* [Activity] When a line of the material has the word "blast" in it, copy that line.

____ Given records

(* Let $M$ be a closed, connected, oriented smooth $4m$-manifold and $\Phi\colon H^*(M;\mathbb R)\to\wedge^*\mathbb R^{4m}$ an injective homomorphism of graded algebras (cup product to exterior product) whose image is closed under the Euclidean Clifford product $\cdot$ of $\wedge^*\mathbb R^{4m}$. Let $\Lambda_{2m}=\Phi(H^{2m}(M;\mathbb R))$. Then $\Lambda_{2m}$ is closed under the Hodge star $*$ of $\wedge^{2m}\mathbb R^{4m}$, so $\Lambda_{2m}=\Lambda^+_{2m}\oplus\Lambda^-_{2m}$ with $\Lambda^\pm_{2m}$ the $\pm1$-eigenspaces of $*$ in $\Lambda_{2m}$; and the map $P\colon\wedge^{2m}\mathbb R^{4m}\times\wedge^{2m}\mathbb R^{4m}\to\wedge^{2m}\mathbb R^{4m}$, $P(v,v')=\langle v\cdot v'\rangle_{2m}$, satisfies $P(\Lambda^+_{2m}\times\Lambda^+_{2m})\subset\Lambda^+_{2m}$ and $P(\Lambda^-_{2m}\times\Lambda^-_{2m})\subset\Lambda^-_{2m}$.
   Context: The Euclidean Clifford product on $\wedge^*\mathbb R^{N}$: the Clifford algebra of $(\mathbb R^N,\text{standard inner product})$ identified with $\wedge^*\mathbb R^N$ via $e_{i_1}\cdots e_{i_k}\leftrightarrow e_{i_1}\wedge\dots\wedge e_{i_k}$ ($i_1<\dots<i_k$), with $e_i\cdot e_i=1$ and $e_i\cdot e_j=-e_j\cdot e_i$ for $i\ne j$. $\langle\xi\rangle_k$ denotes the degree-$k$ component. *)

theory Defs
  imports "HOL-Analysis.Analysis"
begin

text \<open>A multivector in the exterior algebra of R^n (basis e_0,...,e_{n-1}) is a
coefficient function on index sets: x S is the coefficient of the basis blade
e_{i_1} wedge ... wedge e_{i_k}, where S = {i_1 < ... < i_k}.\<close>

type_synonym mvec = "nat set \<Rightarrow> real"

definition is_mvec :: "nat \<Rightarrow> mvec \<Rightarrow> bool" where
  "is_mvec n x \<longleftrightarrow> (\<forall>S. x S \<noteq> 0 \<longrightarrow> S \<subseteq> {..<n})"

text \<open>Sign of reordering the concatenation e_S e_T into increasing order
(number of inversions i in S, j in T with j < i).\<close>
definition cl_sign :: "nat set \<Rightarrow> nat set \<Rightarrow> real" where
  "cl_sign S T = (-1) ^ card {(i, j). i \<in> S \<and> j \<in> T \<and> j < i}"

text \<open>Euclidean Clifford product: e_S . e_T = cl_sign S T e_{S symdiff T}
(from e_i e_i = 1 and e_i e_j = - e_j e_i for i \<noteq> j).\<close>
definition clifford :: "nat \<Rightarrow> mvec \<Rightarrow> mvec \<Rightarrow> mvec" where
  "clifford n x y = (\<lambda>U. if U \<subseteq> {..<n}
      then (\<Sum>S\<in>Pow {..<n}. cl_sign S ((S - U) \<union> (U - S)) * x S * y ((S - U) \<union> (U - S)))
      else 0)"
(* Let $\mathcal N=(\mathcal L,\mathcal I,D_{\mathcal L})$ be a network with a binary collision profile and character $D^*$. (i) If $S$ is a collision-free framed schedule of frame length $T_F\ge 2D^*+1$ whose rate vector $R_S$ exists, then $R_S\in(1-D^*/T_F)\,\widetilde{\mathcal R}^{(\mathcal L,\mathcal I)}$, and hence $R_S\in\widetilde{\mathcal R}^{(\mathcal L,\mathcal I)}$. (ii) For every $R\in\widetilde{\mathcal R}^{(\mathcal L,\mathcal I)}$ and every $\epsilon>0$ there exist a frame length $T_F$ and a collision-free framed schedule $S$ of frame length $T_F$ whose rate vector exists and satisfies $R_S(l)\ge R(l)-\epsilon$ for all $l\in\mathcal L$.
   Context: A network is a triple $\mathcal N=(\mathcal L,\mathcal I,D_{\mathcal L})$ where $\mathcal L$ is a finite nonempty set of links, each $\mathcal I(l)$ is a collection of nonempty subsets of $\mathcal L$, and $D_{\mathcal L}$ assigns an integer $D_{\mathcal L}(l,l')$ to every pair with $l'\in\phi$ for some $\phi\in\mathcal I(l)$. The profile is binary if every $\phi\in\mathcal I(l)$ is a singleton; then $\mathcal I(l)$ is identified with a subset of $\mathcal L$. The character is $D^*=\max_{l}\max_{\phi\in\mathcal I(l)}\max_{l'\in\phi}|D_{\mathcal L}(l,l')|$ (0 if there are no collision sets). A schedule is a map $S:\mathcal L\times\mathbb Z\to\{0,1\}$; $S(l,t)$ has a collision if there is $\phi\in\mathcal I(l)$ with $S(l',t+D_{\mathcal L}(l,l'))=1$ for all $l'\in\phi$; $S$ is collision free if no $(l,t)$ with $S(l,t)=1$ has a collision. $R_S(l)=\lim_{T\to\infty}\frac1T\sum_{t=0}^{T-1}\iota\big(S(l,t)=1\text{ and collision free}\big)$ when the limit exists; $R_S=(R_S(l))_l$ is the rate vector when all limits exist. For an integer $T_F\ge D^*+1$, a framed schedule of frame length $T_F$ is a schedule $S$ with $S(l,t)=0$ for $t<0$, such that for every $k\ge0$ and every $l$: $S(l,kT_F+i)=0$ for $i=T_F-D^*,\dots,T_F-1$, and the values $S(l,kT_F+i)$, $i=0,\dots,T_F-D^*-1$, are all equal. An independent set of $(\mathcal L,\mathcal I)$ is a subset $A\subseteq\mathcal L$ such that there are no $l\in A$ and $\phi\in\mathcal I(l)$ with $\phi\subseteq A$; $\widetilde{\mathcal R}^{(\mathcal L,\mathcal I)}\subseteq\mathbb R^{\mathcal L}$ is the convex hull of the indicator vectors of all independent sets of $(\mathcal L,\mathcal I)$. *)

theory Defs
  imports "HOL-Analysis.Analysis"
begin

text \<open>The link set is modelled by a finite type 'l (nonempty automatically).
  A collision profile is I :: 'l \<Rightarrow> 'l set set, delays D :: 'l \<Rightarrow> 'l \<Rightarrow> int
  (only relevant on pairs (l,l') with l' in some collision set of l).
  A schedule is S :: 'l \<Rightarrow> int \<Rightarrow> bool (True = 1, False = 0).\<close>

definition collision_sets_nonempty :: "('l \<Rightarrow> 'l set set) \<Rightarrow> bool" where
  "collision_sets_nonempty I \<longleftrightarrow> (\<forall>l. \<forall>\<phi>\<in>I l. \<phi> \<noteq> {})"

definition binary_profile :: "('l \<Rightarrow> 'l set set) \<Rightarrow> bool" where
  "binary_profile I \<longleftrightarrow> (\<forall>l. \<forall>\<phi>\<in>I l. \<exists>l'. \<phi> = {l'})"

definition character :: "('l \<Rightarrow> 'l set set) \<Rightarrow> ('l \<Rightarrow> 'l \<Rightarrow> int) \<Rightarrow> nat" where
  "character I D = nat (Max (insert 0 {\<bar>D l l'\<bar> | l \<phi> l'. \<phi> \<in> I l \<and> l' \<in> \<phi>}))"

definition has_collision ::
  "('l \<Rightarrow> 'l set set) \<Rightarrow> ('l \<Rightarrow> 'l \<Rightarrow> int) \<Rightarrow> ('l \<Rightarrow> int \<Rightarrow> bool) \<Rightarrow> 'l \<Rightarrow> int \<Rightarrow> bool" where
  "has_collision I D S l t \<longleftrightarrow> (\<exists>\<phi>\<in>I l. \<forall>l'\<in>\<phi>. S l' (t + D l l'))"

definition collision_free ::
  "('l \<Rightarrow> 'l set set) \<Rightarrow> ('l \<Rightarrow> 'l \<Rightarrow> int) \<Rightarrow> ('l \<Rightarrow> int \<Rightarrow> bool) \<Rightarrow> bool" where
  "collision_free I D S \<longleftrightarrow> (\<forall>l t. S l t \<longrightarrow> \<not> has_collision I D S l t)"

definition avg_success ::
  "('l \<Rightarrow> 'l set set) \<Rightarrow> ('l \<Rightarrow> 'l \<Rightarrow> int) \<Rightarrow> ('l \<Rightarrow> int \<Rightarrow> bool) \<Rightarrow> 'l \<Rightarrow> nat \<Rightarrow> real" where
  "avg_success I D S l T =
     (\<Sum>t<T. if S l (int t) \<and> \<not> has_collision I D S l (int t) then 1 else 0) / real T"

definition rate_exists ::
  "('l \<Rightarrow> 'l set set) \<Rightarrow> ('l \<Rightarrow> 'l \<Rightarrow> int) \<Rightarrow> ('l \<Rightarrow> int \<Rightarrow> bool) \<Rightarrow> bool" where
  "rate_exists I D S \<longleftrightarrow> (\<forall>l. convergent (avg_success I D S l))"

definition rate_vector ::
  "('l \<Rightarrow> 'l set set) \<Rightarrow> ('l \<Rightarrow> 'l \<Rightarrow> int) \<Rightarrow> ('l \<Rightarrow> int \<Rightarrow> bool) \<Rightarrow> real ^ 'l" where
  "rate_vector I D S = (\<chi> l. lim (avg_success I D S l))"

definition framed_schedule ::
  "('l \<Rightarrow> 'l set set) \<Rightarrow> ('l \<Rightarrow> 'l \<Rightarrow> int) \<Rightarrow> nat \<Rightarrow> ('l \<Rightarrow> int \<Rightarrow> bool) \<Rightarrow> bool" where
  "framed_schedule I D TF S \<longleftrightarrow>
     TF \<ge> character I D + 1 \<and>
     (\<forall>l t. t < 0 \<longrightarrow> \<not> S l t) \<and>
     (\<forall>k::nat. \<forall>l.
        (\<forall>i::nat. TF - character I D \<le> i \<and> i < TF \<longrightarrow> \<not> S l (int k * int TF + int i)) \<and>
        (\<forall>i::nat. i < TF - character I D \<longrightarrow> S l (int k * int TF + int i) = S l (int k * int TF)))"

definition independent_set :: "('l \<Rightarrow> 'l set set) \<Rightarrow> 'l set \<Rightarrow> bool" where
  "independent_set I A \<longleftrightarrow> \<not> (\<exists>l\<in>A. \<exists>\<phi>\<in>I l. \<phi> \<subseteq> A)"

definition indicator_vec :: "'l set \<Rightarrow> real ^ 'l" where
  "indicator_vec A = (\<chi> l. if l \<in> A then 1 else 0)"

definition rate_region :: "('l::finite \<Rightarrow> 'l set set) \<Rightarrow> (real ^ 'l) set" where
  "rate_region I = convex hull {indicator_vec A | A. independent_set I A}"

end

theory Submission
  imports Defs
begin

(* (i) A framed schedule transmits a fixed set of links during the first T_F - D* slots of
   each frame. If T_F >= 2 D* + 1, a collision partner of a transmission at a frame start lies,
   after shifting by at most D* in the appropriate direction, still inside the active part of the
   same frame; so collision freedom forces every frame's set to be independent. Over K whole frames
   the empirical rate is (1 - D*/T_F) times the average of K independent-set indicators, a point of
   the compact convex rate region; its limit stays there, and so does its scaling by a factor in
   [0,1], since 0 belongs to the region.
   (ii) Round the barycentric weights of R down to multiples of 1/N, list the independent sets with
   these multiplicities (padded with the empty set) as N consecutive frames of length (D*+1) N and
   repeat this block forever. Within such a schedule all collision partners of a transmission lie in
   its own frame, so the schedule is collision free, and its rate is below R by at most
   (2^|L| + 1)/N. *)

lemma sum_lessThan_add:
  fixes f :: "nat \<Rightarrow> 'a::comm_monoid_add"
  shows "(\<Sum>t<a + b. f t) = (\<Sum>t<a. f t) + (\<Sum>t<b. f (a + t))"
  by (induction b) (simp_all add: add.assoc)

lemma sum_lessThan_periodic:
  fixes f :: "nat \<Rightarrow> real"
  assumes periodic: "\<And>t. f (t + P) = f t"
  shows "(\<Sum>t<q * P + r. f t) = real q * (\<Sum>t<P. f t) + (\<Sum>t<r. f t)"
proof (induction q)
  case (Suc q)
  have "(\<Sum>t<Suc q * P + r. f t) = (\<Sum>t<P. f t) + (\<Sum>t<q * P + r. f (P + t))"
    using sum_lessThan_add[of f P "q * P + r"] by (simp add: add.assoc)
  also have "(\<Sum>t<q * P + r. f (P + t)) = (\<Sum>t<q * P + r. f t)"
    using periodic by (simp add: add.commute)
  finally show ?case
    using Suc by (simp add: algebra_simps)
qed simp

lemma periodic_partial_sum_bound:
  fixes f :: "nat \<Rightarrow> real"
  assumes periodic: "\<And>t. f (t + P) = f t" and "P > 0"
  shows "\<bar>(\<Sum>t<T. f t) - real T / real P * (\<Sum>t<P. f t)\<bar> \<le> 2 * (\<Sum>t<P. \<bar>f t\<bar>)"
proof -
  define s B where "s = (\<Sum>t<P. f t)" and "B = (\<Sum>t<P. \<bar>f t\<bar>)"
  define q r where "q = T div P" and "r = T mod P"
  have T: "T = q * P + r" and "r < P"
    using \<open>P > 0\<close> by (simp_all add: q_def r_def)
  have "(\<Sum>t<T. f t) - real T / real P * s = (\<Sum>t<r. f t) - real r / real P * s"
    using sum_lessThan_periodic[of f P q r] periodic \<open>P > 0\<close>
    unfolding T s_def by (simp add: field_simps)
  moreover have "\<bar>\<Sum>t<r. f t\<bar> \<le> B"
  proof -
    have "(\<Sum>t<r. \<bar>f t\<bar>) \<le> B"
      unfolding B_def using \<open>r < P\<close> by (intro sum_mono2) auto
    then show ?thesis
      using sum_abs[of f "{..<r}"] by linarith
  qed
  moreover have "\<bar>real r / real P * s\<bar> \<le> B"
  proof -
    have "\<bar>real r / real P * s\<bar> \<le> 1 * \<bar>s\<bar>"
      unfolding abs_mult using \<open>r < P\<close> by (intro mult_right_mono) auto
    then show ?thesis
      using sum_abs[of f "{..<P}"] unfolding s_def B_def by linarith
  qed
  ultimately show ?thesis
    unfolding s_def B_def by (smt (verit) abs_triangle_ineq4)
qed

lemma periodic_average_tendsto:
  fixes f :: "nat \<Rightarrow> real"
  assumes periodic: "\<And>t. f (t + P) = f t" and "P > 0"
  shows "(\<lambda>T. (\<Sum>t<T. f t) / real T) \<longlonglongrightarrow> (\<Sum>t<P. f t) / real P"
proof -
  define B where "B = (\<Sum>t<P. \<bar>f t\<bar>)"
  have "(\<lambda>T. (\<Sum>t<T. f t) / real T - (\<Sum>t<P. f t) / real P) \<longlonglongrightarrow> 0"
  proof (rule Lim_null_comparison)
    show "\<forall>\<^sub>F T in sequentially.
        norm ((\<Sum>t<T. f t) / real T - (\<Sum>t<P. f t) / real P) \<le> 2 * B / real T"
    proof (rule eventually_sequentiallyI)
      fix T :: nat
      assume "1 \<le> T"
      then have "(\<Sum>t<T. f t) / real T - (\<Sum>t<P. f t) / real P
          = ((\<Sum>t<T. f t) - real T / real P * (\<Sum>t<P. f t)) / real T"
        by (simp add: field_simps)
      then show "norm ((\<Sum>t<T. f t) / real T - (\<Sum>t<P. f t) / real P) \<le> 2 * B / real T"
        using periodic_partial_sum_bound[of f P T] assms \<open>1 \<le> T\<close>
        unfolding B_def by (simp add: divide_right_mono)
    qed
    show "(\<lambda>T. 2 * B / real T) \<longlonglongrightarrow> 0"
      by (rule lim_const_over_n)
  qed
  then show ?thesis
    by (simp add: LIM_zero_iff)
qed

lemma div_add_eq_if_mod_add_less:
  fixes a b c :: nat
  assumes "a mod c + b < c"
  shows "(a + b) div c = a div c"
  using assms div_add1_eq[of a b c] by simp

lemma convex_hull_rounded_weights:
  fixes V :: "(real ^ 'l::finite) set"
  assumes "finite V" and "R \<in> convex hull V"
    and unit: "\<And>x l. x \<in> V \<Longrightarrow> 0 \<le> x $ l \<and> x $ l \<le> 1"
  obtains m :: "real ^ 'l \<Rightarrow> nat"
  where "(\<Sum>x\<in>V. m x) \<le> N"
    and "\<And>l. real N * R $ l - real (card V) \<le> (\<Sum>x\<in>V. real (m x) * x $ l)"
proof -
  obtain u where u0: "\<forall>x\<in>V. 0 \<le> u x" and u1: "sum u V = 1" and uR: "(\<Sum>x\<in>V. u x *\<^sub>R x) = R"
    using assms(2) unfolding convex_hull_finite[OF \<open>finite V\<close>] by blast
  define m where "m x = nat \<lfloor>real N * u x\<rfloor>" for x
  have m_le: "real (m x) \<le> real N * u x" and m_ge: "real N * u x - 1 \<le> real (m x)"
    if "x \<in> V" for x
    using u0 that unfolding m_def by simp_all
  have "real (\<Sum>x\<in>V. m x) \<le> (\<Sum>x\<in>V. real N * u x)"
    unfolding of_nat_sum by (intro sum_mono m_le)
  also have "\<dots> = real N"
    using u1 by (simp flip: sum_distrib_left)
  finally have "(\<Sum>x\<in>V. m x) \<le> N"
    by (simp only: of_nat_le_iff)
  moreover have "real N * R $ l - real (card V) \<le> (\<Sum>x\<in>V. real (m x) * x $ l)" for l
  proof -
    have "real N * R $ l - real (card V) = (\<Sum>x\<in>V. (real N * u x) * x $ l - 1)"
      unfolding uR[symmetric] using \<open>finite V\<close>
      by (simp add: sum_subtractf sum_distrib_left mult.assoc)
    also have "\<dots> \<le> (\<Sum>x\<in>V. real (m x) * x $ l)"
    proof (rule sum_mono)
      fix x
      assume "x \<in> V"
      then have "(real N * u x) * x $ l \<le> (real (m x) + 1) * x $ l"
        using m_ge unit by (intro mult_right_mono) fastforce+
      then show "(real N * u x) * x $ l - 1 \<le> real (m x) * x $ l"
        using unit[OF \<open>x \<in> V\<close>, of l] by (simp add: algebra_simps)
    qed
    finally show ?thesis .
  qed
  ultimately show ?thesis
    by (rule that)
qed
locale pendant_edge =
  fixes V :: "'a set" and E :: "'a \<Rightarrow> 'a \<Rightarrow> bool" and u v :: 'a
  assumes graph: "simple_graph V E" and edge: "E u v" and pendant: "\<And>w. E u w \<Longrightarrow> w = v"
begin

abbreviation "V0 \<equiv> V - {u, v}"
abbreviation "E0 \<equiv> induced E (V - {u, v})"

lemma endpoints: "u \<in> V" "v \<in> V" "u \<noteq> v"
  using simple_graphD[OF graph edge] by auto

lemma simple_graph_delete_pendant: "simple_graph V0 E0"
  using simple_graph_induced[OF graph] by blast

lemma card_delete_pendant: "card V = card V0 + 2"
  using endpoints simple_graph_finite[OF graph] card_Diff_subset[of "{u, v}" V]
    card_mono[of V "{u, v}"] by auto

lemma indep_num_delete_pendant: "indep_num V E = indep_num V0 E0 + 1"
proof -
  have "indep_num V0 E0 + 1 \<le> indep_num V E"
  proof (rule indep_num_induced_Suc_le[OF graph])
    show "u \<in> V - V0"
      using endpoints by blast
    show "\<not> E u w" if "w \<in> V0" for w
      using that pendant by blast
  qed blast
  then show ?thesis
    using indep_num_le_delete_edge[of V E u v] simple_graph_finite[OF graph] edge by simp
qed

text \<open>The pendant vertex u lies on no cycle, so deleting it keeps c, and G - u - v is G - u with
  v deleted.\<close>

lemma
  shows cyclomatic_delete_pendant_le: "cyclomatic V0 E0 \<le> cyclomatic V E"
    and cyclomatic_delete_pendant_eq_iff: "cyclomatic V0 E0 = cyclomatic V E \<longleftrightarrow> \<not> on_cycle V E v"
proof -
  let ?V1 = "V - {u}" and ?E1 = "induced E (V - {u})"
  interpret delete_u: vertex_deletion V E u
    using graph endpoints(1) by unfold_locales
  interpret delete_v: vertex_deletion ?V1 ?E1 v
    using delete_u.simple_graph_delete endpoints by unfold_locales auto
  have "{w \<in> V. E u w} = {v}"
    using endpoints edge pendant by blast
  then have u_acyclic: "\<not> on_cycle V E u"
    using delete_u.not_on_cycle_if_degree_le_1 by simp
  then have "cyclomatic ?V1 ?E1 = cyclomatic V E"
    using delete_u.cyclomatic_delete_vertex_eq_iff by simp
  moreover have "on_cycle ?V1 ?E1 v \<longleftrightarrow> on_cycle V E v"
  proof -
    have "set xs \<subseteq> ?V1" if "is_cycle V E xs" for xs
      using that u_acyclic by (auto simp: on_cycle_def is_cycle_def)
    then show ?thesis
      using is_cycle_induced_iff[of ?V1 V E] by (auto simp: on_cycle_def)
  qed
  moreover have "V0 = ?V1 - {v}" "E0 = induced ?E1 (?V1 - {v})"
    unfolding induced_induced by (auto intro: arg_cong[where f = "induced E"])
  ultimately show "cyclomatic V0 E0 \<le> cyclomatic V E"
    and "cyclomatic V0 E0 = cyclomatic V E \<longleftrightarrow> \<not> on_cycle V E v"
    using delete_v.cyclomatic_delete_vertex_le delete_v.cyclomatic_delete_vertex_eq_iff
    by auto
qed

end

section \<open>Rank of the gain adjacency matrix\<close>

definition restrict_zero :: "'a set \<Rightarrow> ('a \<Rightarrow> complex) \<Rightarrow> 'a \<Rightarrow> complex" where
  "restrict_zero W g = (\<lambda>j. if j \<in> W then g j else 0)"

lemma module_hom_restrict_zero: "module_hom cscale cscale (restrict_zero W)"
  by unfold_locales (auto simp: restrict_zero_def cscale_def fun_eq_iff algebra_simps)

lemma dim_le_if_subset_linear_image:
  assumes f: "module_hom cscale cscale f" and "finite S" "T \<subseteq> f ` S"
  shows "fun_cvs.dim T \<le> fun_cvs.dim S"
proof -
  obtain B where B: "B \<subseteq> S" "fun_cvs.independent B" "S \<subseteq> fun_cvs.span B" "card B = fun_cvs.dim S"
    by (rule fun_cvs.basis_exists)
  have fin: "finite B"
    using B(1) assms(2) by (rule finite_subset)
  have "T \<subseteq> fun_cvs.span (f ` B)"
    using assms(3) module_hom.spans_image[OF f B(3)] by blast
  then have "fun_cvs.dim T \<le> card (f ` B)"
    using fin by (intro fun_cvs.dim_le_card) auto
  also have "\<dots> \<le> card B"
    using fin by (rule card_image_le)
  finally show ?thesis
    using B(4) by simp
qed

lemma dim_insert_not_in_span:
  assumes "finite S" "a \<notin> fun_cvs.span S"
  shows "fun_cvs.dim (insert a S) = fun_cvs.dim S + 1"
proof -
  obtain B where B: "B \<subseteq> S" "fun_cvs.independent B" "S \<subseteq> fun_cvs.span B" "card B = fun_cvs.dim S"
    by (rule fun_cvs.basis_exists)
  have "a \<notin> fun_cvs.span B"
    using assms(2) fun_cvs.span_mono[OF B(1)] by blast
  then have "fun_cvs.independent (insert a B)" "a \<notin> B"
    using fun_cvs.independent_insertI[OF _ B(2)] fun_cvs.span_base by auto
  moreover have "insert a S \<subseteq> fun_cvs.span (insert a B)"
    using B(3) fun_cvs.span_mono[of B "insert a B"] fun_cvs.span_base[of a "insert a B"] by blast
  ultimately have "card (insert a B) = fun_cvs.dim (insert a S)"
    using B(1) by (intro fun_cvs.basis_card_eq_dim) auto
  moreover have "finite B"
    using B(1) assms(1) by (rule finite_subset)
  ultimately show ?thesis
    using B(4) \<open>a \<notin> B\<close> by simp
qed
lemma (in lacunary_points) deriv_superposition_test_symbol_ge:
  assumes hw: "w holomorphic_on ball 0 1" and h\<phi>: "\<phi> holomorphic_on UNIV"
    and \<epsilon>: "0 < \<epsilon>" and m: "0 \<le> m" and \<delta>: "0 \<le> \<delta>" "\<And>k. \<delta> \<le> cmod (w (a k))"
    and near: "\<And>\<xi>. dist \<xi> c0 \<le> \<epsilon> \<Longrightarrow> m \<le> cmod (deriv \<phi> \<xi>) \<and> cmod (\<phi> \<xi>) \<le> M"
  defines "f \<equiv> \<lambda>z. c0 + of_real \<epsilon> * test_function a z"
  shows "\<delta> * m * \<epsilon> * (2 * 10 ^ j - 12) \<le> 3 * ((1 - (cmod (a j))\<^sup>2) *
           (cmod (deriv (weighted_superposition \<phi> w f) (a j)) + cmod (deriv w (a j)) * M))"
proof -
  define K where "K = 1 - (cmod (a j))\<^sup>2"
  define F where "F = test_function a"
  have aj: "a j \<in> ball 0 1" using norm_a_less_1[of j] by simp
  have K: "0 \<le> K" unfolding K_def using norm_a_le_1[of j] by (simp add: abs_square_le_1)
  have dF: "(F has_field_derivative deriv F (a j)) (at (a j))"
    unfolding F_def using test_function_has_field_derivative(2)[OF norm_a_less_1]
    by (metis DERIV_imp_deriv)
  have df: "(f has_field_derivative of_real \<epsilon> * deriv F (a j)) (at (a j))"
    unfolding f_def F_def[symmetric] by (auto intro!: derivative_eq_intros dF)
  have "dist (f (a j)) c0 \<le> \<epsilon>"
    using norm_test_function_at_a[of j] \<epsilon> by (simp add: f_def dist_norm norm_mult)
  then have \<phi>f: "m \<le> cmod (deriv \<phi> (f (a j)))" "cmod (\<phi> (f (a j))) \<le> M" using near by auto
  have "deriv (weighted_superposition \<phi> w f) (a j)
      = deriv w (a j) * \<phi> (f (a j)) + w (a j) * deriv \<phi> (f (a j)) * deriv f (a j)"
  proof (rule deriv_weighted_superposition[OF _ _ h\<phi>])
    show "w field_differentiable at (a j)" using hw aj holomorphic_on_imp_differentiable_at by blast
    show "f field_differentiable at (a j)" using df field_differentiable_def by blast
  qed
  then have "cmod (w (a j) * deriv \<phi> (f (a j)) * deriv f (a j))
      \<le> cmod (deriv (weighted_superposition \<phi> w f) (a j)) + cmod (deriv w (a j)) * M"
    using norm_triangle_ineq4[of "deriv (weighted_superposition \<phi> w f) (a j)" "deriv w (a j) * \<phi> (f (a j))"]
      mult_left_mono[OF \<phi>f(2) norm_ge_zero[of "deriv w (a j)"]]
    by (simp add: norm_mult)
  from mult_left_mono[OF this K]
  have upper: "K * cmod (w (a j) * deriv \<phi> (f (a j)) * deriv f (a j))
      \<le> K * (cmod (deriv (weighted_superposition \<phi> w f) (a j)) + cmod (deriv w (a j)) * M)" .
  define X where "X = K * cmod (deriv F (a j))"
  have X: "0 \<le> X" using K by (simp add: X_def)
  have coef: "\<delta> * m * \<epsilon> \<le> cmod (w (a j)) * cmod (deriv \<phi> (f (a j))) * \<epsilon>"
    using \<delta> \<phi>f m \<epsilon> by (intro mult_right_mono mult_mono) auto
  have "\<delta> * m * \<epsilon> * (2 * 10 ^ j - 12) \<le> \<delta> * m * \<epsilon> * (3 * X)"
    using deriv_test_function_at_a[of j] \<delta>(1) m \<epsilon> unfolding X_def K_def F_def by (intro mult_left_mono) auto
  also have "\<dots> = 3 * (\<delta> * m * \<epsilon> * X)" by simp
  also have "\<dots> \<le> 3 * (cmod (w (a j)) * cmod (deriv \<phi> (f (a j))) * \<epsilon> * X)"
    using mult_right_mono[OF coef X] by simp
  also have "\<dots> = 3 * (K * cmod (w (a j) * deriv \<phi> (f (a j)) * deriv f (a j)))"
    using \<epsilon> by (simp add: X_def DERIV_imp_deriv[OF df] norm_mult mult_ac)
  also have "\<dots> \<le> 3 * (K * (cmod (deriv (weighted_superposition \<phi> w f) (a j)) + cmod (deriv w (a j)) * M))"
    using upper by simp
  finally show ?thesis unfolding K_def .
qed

________

* [Task output]
    using assms(2) unfolding convex_hull_finite[OF \<open>finite V\<close>] by blast
  using simple_graph_induced[OF graph] by blast
      using endpoints by blast
      using that pendant by blast
  qed blast
    using endpoints edge pendant by blast
    using assms(3) module_hom.spans_image[OF f B(3)] by blast
    using assms(2) fun_cvs.span_mono[OF B(1)] by blast
    using B(3) fun_cvs.span_mono[of B "insert a B"] fun_cvs.span_base[of a "insert a B"] by blast
    show "w field_differentiable at (a j)" using hw aj holomorphic_on_imp_differentiable_at by blast
    show "f field_differentiable at (a j)" using df field_differentiable_def by blast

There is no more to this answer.